> _Aim of the exercise_:
Could you return every record below without changing a word?

(Items listed in a dataset)
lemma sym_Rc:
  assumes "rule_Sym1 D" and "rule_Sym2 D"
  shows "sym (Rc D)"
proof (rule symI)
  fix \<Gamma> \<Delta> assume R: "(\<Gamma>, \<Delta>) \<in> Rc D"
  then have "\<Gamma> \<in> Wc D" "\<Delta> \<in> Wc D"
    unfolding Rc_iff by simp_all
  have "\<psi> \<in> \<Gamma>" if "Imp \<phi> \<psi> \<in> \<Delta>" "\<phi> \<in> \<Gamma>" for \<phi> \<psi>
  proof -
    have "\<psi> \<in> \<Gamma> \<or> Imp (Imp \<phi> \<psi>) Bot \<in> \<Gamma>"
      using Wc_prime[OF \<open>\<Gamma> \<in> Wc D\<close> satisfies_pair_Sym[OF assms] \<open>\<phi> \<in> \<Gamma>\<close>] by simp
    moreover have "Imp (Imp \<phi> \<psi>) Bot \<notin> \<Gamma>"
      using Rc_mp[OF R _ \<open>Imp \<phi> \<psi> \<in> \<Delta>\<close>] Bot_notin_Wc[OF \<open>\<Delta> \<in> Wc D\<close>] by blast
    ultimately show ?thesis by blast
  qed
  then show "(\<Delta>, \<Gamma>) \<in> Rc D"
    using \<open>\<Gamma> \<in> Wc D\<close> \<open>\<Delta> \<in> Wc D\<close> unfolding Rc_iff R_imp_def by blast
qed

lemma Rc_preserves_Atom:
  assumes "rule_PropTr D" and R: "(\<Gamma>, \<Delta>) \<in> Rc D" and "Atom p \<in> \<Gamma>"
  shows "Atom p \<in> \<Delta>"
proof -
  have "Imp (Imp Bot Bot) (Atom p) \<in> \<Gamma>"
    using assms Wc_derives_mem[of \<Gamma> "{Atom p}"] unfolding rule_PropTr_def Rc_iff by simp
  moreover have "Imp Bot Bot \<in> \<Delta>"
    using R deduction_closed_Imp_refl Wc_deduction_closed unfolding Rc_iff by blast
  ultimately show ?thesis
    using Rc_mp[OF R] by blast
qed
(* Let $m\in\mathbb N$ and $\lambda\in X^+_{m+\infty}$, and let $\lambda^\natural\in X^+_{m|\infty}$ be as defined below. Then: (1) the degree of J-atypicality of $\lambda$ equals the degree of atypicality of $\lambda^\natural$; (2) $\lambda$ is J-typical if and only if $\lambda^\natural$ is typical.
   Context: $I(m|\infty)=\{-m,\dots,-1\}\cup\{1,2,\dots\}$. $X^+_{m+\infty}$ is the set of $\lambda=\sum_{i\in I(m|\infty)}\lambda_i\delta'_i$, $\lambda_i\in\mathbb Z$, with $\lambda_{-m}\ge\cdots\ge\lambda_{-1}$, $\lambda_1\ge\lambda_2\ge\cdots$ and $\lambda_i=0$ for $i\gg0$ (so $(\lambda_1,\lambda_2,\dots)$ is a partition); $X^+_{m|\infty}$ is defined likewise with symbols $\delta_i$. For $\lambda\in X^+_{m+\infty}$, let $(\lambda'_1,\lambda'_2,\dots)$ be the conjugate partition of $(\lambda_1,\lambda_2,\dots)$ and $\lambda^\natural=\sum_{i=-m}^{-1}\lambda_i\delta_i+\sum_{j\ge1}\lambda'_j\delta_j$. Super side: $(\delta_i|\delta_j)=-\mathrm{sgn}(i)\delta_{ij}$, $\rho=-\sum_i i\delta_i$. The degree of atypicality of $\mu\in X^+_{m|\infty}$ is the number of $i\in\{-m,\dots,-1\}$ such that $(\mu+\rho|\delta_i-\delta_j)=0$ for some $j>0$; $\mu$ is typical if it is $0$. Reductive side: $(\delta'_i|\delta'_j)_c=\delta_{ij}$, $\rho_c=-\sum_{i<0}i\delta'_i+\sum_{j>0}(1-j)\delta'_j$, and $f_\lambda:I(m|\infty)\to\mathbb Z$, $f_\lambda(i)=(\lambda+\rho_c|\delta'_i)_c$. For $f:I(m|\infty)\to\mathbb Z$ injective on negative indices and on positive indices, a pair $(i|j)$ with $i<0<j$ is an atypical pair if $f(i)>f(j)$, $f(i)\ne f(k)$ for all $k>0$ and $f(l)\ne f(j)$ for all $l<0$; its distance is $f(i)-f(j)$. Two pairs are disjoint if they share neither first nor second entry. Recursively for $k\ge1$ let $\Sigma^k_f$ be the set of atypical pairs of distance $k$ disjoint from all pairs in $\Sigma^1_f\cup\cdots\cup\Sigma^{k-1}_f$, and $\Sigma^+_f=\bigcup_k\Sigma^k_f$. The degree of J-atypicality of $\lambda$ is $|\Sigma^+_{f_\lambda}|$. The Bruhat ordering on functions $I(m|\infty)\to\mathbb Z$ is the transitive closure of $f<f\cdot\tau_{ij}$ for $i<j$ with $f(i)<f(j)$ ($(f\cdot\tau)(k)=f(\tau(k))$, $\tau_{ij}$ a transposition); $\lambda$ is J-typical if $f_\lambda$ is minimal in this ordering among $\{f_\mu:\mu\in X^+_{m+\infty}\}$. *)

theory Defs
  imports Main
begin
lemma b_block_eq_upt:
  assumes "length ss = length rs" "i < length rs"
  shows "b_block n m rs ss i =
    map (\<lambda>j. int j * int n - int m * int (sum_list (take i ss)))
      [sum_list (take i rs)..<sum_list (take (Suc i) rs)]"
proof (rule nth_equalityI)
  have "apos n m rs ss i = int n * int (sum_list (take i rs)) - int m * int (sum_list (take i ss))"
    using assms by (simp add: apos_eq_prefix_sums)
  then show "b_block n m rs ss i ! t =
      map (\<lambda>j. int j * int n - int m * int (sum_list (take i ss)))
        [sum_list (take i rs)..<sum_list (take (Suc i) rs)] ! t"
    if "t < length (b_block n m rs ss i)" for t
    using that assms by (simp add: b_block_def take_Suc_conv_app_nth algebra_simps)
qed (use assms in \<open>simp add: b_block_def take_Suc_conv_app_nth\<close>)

> _Your response_:
lemma sym_Rc:
  assumes "rule_Sym1 D" and "rule_Sym2 D"
  shows "sym (Rc D)"
proof (rule symI)
  fix \<Gamma> \<Delta> assume R: "(\<Gamma>, \<Delta>) \<in> Rc D"
  then have "\<Gamma> \<in> Wc D" "\<Delta> \<in> Wc D"
    unfolding Rc_iff by simp_all
  have "\<psi> \<in> \<Gamma>" if "Imp \<phi> \<psi> \<in> \<Delta>" "\<phi> \<in> \<Gamma>" for \<phi> \<psi>
  proof -
    have "\<psi> \<in> \<Gamma> \<or> Imp (Imp \<phi> \<psi>) Bot \<in> \<Gamma>"
      using Wc_prime[OF \<open>\<Gamma> \<in> Wc D\<close> satisfies_pair_Sym[OF assms] \<open>\<phi> \<in> \<Gamma>\<close>] by simp
    moreover have "Imp (Imp \<phi> \<psi>) Bot \<notin> \<Gamma>"
      using Rc_mp[OF R _ \<open>Imp \<phi> \<psi> \<in> \<Delta>\<close>] Bot_notin_Wc[OF \<open>\<Delta> \<in> Wc D\<close>] by blast
    ultimately show ?thesis by blast
  qed
  then show "(\<Delta>, \<Gamma>) \<in> Rc D"
    using \<open>\<Gamma> \<in> Wc D\<close> \<open>\<Delta> \<in> Wc D\<close> unfolding Rc_iff R_imp_def by blast
qed

lemma Rc_preserves_Atom:
  assumes "rule_PropTr D" and R: "(\<Gamma>, \<Delta>) \<in> Rc D" and "Atom p \<in> \<Gamma>"
  shows "Atom p \<in> \<Delta>"
proof -
  have "Imp (Imp Bot Bot) (Atom p) \<in> \<Gamma>"
    using assms Wc_derives_mem[of \<Gamma> "{Atom p}"] unfolding rule_PropTr_def Rc_iff by simp
  moreover have "Imp Bot Bot \<in> \<Delta>"
    using R deduction_closed_Imp_refl Wc_deduction_closed unfolding Rc_iff by blast
  ultimately show ?thesis
    using Rc_mp[OF R] by blast
qed
(* Let $m\in\mathbb N$ and $\lambda\in X^+_{m+\infty}$, and let $\lambda^\natural\in X^+_{m|\infty}$ be as defined below. Then: (1) the degree of J-atypicality of $\lambda$ equals the degree of atypicality of $\lambda^\natural$; (2) $\lambda$ is J-typical if and only if $\lambda^\natural$ is typical.
   Context: $I(m|\infty)=\{-m,\dots,-1\}\cup\{1,2,\dots\}$. $X^+_{m+\infty}$ is the set of $\lambda=\sum_{i\in I(m|\infty)}\lambda_i\delta'_i$, $\lambda_i\in\mathbb Z$, with $\lambda_{-m}\ge\cdots\ge\lambda_{-1}$, $\lambda_1\ge\lambda_2\ge\cdots$ and $\lambda_i=0$ for $i\gg0$ (so $(\lambda_1,\lambda_2,\dots)$ is a partition); $X^+_{m|\infty}$ is defined likewise with symbols $\delta_i$. For $\lambda\in X^+_{m+\infty}$, let $(\lambda'_1,\lambda'_2,\dots)$ be the conjugate partition of $(\lambda_1,\lambda_2,\dots)$ and $\lambda^\natural=\sum_{i=-m}^{-1}\lambda_i\delta_i+\sum_{j\ge1}\lambda'_j\delta_j$. Super side: $(\delta_i|\delta_j)=-\mathrm{sgn}(i)\delta_{ij}$, $\rho=-\sum_i i\delta_i$. The degree of atypicality of $\mu\in X^+_{m|\infty}$ is the number of $i\in\{-m,\dots,-1\}$ such that $(\mu+\rho|\delta_i-\delta_j)=0$ for some $j>0$; $\mu$ is typical if it is $0$. Reductive side: $(\delta'_i|\delta'_j)_c=\delta_{ij}$, $\rho_c=-\sum_{i<0}i\delta'_i+\sum_{j>0}(1-j)\delta'_j$, and $f_\lambda:I(m|\infty)\to\mathbb Z$, $f_\lambda(i)=(\lambda+\rho_c|\delta'_i)_c$. For $f:I(m|\infty)\to\mathbb Z$ injective on negative indices and on positive indices, a pair $(i|j)$ with $i<0<j$ is an atypical pair if $f(i)>f(j)$, $f(i)\ne f(k)$ for all $k>0$ and $f(l)\ne f(j)$ for all $l<0$; its distance is $f(i)-f(j)$. Two pairs are disjoint if they share neither first nor second entry. Recursively for $k\ge1$ let $\Sigma^k_f$ be the set of atypical pairs of distance $k$ disjoint from all pairs in $\Sigma^1_f\cup\cdots\cup\Sigma^{k-1}_f$, and $\Sigma^+_f=\bigcup_k\Sigma^k_f$. The degree of J-atypicality of $\lambda$ is $|\Sigma^+_{f_\lambda}|$. The Bruhat ordering on functions $I(m|\infty)\to\mathbb Z$ is the transitive closure of $f<f\cdot\tau_{ij}$ for $i<j$ with $f(i)<f(j)$ ($(f\cdot\tau)(k)=f(\tau(k))$, $\tau_{ij}$ a transposition); $\lambda$ is J-typical if $f_\lambda$ is minimal in this ordering among $\{f_\mu:\mu\in X^+_{m+\infty}\}$. *)

theory Defs
  imports Main
begin
lemma b_block_eq_upt:
  assumes "length ss = length rs" "i < length rs"
  shows "b_block n m rs ss i =
    map (\<lambda>j. int j * int n - int m * int (sum_list (take i ss)))
      [sum_list (take i rs)..<sum_list (take (Suc i) rs)]"
proof (rule nth_equalityI)
  have "apos n m rs ss i = int n * int (sum_list (take i rs)) - int m * int (sum_list (take i ss))"
    using assms by (simp add: apos_eq_prefix_sums)
  then show "b_block n m rs ss i ! t =
      map (\<lambda>j. int j * int n - int m * int (sum_list (take i ss)))
        [sum_list (take i rs)..<sum_list (take (Suc i) rs)] ! t"
    if "t < length (b_block n m rs ss i)" for t
    using that assms by (simp add: b_block_def take_Suc_conv_app_nth algebra_simps)
qed (use assms in \<open>simp add: b_block_def take_Suc_conv_app_nth\<close>)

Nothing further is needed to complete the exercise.